Each line below from the one containing "Write m(k+1) = r(k)" through the one containing "r(k) = q (q^(n-k+1)" is to be given again exactly, and no line outside that span.

---------- Source information ----------

(* Let $q\ge2$ be a prime power and $n,d$ positive integers with $d<\frac{n+1}{2}$. For $0\le i\le d$ let $m_i={n\brack i}_q-{n\brack i-1}_q$ (with ${n\brack -1}_q=0$) be the multiplicities of the Grassmann scheme $Gr(n,d)$ over $\mathbb{F}_q$. Then $m_i^2\ge m_{i-1}m_{i+1}$ for all $1\le i\le d-1$.
   Context: ${n\brack i}_q=\prod_{t=0}^{i-1}\frac{q^{n-t}-1}{q^{i-t}-1}$ is the Gaussian binomial coefficient (number of $i$-dimensional subspaces of $\mathbb{F}_q^n$). The Grassmann scheme $Gr(n,d)$ is the association scheme on the $d$-dimensional subspaces of $\mathbb{F}_q^n$, with relations given by the dimension of the intersection; in the standard ($Q$-polynomial) ordering its multiplicities are $m_i={n\brack i}_q-{n\brack i-1}_q$, $0\le i\le d$. *)

theory Defs
  imports Complex_Main "HOL-Computational_Algebra.Primes"
begin

definition gauss_binom :: "nat \<Rightarrow> nat \<Rightarrow> int \<Rightarrow> real" where
  "gauss_binom q n i = (if i < 0 then 0 else
     (\<Prod>t<nat i. (real q ^ (n - t) - 1) / (real q ^ (nat i - t) - 1)))"

definition grass_mult :: "nat \<Rightarrow> nat \<Rightarrow> int \<Rightarrow> real" where
  "grass_mult q n i = gauss_binom q n i - gauss_binom q n (i - 1)"

definition prime_power :: "nat \<Rightarrow> bool" where
  "prime_power q \<longleftrightarrow> (\<exists>p k. prime p \<and> k \<ge> 1 \<and> q = p ^ k)"

end

theory Submission
  imports Defs
begin

text \<open>
  Write m(k+1) = r(k) m(k). Log-concavity follows once the ratios r(k) are nonnegative
  and non-increasing. The product formula for Gaussian binomials gives
  r(k) = q (q^(n-k+1) - 1)/(q^(k+1) - 1) \<cdot> (q^b - 1)/(q^(b+2) - 1) with b = n - 2k - 1,
  also at k = 0, where m(0) = 1. The first fraction obviously decreases in k; the second
  does because (q^(b+2) - 1)^2 - (q^b - 1)(q^(b+4) - 1) = q^b (q^2 - 1)^2.
\<close>

lemma gauss_binom_of_nat:
  "gauss_binom q n (int k) =
     (\<Prod>t<k. real q ^ (n - t) - 1) / (\<Prod>t<k. real q ^ Suc t - 1)"
proof -
  have "gauss_binom q n (int k) = (\<Prod>t<k. (real q ^ (n - t) - 1) / (real q ^ (k - t) - 1))"
    by (simp add: gauss_binom_def)
  also have "\<dots> = (\<Prod>t<k. real q ^ (n - t) - 1) / (\<Prod>t<k. real q ^ (k - t) - 1)"
    by (simp add: prod_dividef)
  also have "(\<Prod>t<k. real q ^ (k - t) - 1) = (\<Prod>t<k. real q ^ Suc (k - Suc t) - 1)"
    by (intro prod.cong refl) (metis Suc_diff_Suc lessThan_iff)
  also have "\<dots> = (\<Prod>t<k. real q ^ Suc t - 1)"
    by (rule prod.nat_diff_reindex[where g = "\<lambda>t. real q ^ Suc t - 1"])
  finally show ?thesis .
qed

lemma gauss_binom_Suc:
  "gauss_binom q n (int (Suc k)) =
     gauss_binom q n (int k) * (real q ^ (n - k) - 1) / (real q ^ Suc k - 1)"
  unfolding gauss_binom_of_nat prod.lessThan_Suc by simp

lemma power_sub_one_pos:
  fixes x :: real
  assumes "x > 1" "m > 0"
  shows "x ^ m - 1 > 0"
  using one_less_power[OF assms] by simp

lemma power_sub_one_nonneg:
  fixes x :: real
  assumes "x \<ge> 1"
  shows "x ^ m - 1 \<ge> 0"
  using one_le_power[OF assms] by simp

lemma grass_mult_Suc:
  assumes "q \<ge> 2" "2 * k + 1 \<le> n"
  shows "grass_mult q n (int (Suc k)) =
     gauss_binom q n (int k) * real q ^ Suc k * (real q ^ (n - 2*k - 1) - 1) / (real q ^ Suc k - 1)"
proof -
  define G where "G = gauss_binom q n (int k)"
  define Y where "Y = real q ^ Suc k"
  define Z where "Z = real q ^ (n - 2*k - 1)"
  have "Y - 1 > 0"
    unfolding Y_def using assms(1) by (intro power_sub_one_pos) simp_all
  have "n - k = Suc k + (n - 2*k - 1)"
    using assms(2) by simp
  then have power_split: "real q ^ (n - k) = Y * Z"
    by (simp only: power_add Y_def Z_def)
  have "grass_mult q n (int (Suc k)) = gauss_binom q n (int (Suc k)) - G"
    by (simp add: grass_mult_def G_def)
  also have "\<dots> = G * (real q ^ (n - k) - 1) / (Y - 1) - G"
    by (simp only: gauss_binom_Suc G_def Y_def)
  also have "\<dots> = G * Y * (Z - 1) / (Y - 1)"
    using \<open>Y - 1 > 0\<close> by (simp add: power_split field_simps)
  finally show ?thesis
    by (simp only: G_def Y_def Z_def)
qed

definition grass_ratio :: "real \<Rightarrow> nat \<Rightarrow> nat \<Rightarrow> real" where
  "grass_ratio x n k = x * ((x ^ Suc (n - k) - 1) / (x ^ Suc k - 1))
     * ((x ^ (n - 2*k - 1) - 1) / (x ^ (n - 2*k + 1) - 1))"

lemma grass_mult_Suc_eq_ratio:
  assumes "q \<ge> 2" "2 * k + 1 \<le> n"
  shows "grass_mult q n (int (Suc k)) = grass_ratio (real q) n k * grass_mult q n (int k)"
proof (cases k)
  case 0
  have "real q ^ Suc n - 1 > 0" "real q - 1 > 0"
    using assms(1) power_sub_one_pos[of "real q" "Suc n"] by simp_all
  then show ?thesis
    using grass_mult_Suc[OF assms] 0
    by (simp add: grass_ratio_def grass_mult_def gauss_binom_def)
next
  case (Suc j)
  define x where "x = real q"
  define b where "b = n - 2*k - 1"
  define G where "G = gauss_binom q n (int j)"
  define P where "P = x ^ k"
  define A where "A = x ^ Suc (n - k) - 1"
  define S where "S = x ^ b - 1"
  define T where "T = x ^ (b + 2) - 1"
  have x1: "x > 1"
    using assms(1) by (simp add: x_def)
  have nonzero: "P - 1 \<noteq> 0" "x * P - 1 \<noteq> 0" "T \<noteq> 0"
    using power_sub_one_pos[OF x1, of k] power_sub_one_pos[OF x1, of "Suc k"]
      power_sub_one_pos[OF x1, of "b + 2"]
    by (simp_all add: P_def T_def Suc)
  have m_k: "grass_mult q n (int k) = G * P * T / (P - 1)"
  proof -
    have "n - 2*j - 1 = b + 2"
      using assms(2) Suc by (simp add: b_def)
    then show ?thesis
      using grass_mult_Suc[OF assms(1), of j n] assms(2) Suc by (simp add: x_def G_def P_def T_def)
  qed
  have m_Suc_k: "grass_mult q n (int (Suc k)) = G * A / (P - 1) * (x * P) * S / (x * P - 1)"
  proof -
    have "n - j = Suc (n - k)"
      using assms(2) Suc by simp
    then show ?thesis
      unfolding grass_mult_Suc[OF assms] using gauss_binom_Suc[of q n j] Suc
      by (simp add: x_def G_def P_def A_def S_def b_def)
  qed
  have ratio: "grass_ratio (real q) n k = x * (A / (x * P - 1)) * (S / T)"
  proof -
    have "n - 2*k + 1 = b + 2"
      using assms(2) by (simp add: b_def)
    then show ?thesis
      by (simp add: grass_ratio_def x_def P_def A_def S_def T_def b_def)
  qed
  show ?thesis
    unfolding m_k m_Suc_k ratio using nonzero by (simp add: divide_simps)
qed

lemma power_sub_one_log_concave:
  fixes x :: real
  assumes "x \<ge> 0"
  shows "(x ^ b - 1) * (x ^ (b + 4) - 1) \<le> (x ^ (b + 2) - 1)\<^sup>2"
proof -
  have "\<And>y. (y * x\<^sup>2 - 1)\<^sup>2 - (y - 1) * (y * x ^ 4 - 1) = y * (x\<^sup>2 - 1)\<^sup>2"
    by algebra
  then have "(x ^ (b + 2) - 1)\<^sup>2 - (x ^ b - 1) * (x ^ (b + 4) - 1) = x ^ b * (x\<^sup>2 - 1)\<^sup>2"
    by (simp only: power_add)
  moreover have "x ^ b * (x\<^sup>2 - 1)\<^sup>2 \<ge> 0"
    using assms by simp
  ultimately show ?thesis
    by linarith
qed

lemma power_sub_one_ratio_mono:
  fixes x :: real
  assumes "x > 1"
  shows "(x ^ b - 1) / (x ^ (b + 2) - 1) \<le> (x ^ (b + 2) - 1) / (x ^ (b + 4) - 1)"
proof -
  have "x ^ (b + 2) - 1 > 0" "x ^ (b + 4) - 1 > 0"
    by (rule power_sub_one_pos[OF assms], simp)+
  with power_sub_one_log_concave[of x b] assms show ?thesis
    by (simp add: divide_simps power2_eq_square)
qed

lemma grass_ratio_nonneg:
  assumes "x \<ge> 1"
  shows "grass_ratio x n k \<ge> 0"
  unfolding grass_ratio_def using assms
  by (intro mult_nonneg_nonneg divide_nonneg_nonneg power_sub_one_nonneg) simp_all

lemma grass_ratio_Suc_le:
  assumes "x > 1" "2 * k + 3 \<le> n"
  shows "grass_ratio x n (Suc k) \<le> grass_ratio x n k"
proof -
  define b where "b = n - 2 * Suc k - 1"
  define A0 where "A0 = (x ^ Suc (n - k) - 1) / (x ^ Suc k - 1)"
  define A1 where "A1 = (x ^ Suc (n - Suc k) - 1) / (x ^ Suc (Suc k) - 1)"
  have "n - 2 * Suc k + 1 = b + 2" "n - 2*k - 1 = b + 2" "n - 2*k + 1 = b + 4"
    using assms(2) by (auto simp: b_def)
  then have ratios: "grass_ratio x n (Suc k) = x * A1 * ((x ^ b - 1) / (x ^ (b + 2) - 1))"
      "grass_ratio x n k = x * A0 * ((x ^ (b + 2) - 1) / (x ^ (b + 4) - 1))"
    unfolding grass_ratio_def A0_def A1_def b_def by simp_all
  have "x ^ Suc k - 1 > 0"
    by (rule power_sub_one_pos[OF assms(1)]) simp
  moreover have "x ^ Suc k \<le> x ^ Suc (Suc k)" "x ^ Suc (n - Suc k) \<le> x ^ Suc (n - k)"
    using assms(1) by (simp_all add: power_increasing)
  moreover have "x ^ Suc (n - Suc k) \<ge> 1"
    using assms(1) by (intro one_le_power) simp
  ultimately have "A1 \<le> A0"
    unfolding A0_def A1_def by (intro frac_le) simp_all
  moreover have "A1 \<ge> 0" "(x ^ b - 1) / (x ^ (b + 2) - 1) \<ge> 0"
    unfolding A1_def using assms(1) by (intro divide_nonneg_nonneg power_sub_one_nonneg; simp)+
  ultimately show ?thesis
    unfolding ratios using assms(1) power_sub_one_ratio_mono[OF assms(1), of b]
    by (intro mult_mono mult_left_mono) simp_all
qed

lemma log_concave_of_ratio_antitone:
  fixes m r :: "nat \<Rightarrow> real"
  assumes "m (Suc k) = r k * m k" "m (Suc (Suc k)) = r (Suc k) * m (Suc k)"
    and "0 \<le> r (Suc k)" "r (Suc k) \<le> r k"
  shows "m k * m (Suc (Suc k)) \<le> (m (Suc k))\<^sup>2"
proof -
  have "m k * m (Suc (Suc k)) = r k * r (Suc k) * (m k)\<^sup>2"
    using assms(1,2) by (simp add: power2_eq_square)
  also have "\<dots> \<le> r k * r k * (m k)\<^sup>2"
    using assms(3,4) by (intro mult_right_mono mult_left_mono) auto
  also have "\<dots> = (m (Suc k))\<^sup>2"
    using assms(1) by (simp add: power2_eq_square)
  finally show ?thesis .
qed

theorem theorem6:
  fixes q n d :: nat and i :: int
  assumes "prime_power q" and "q \<ge> 2" and "n \<ge> 1" and "d \<ge> 1"
    and "real d < (real n + 1) / 2"
    and "1 \<le> i" and "i \<le> int d - 1"
  shows "(grass_mult q n i)^2 \<ge> grass_mult q n (i - 1) * grass_mult q n (i + 1)"
proof -
  define k where "k = nat (i - 1)"
  have k: "i = int (Suc k)"
    using assms(6) by (simp add: k_def)
  have "real (2 * d) < real (n + 1)"
    using assms(5) by simp
  then have "2 * d \<le> n"
    by (simp only: of_nat_less_iff)
  moreover have "Suc (Suc k) \<le> d"
    using assms(7) k by simp
  ultimately have "2 * k + 3 \<le> n"
    by linarith
  define m where "m j = grass_mult q n (int j)" for j
  have x1: "real q > 1"
    using assms(2) by simp
  have "m k * m (Suc (Suc k)) \<le> (m (Suc k))\<^sup>2"
  proof (rule log_concave_of_ratio_antitone[where r = "grass_ratio (real q) n"])
    show "m (Suc k) = grass_ratio (real q) n k * m k"
      unfolding m_def using assms(2) \<open>2 * k + 3 \<le> n\<close> by (intro grass_mult_Suc_eq_ratio) simp_all
    show "m (Suc (Suc k)) = grass_ratio (real q) n (Suc k) * m (Suc k)"
      unfolding m_def using assms(2) \<open>2 * k + 3 \<le> n\<close> by (intro grass_mult_Suc_eq_ratio) simp_all
    show "0 \<le> grass_ratio (real q) n (Suc k)"
      using x1 by (intro grass_ratio_nonneg) simp
    show "grass_ratio (real q) n (Suc k) \<le> grass_ratio (real q) n k"
      using x1 \<open>2 * k + 3 \<le> n\<close> by (rule grass_ratio_Suc_le)
  qed
  moreover have "int (Suc k) - 1 = int k" "int (Suc k) + 1 = int (Suc (Suc k))"
    by simp_all
  ultimately show ?thesis
    unfolding k m_def by (simp only:)
qed

end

----------

▶ [Answer for this exercise]
  Write m(k+1) = r(k) m(k). Log-concavity follows once the ratios r(k) are nonnegative
  and non-increasing. The product formula for Gaussian binomials gives
  r(k) = q (q^(n-k+1) - 1)/(q^(k+1) - 1) \<cdot> (q^b - 1)/(q^(b+2) - 1) with b = n - 2k - 1,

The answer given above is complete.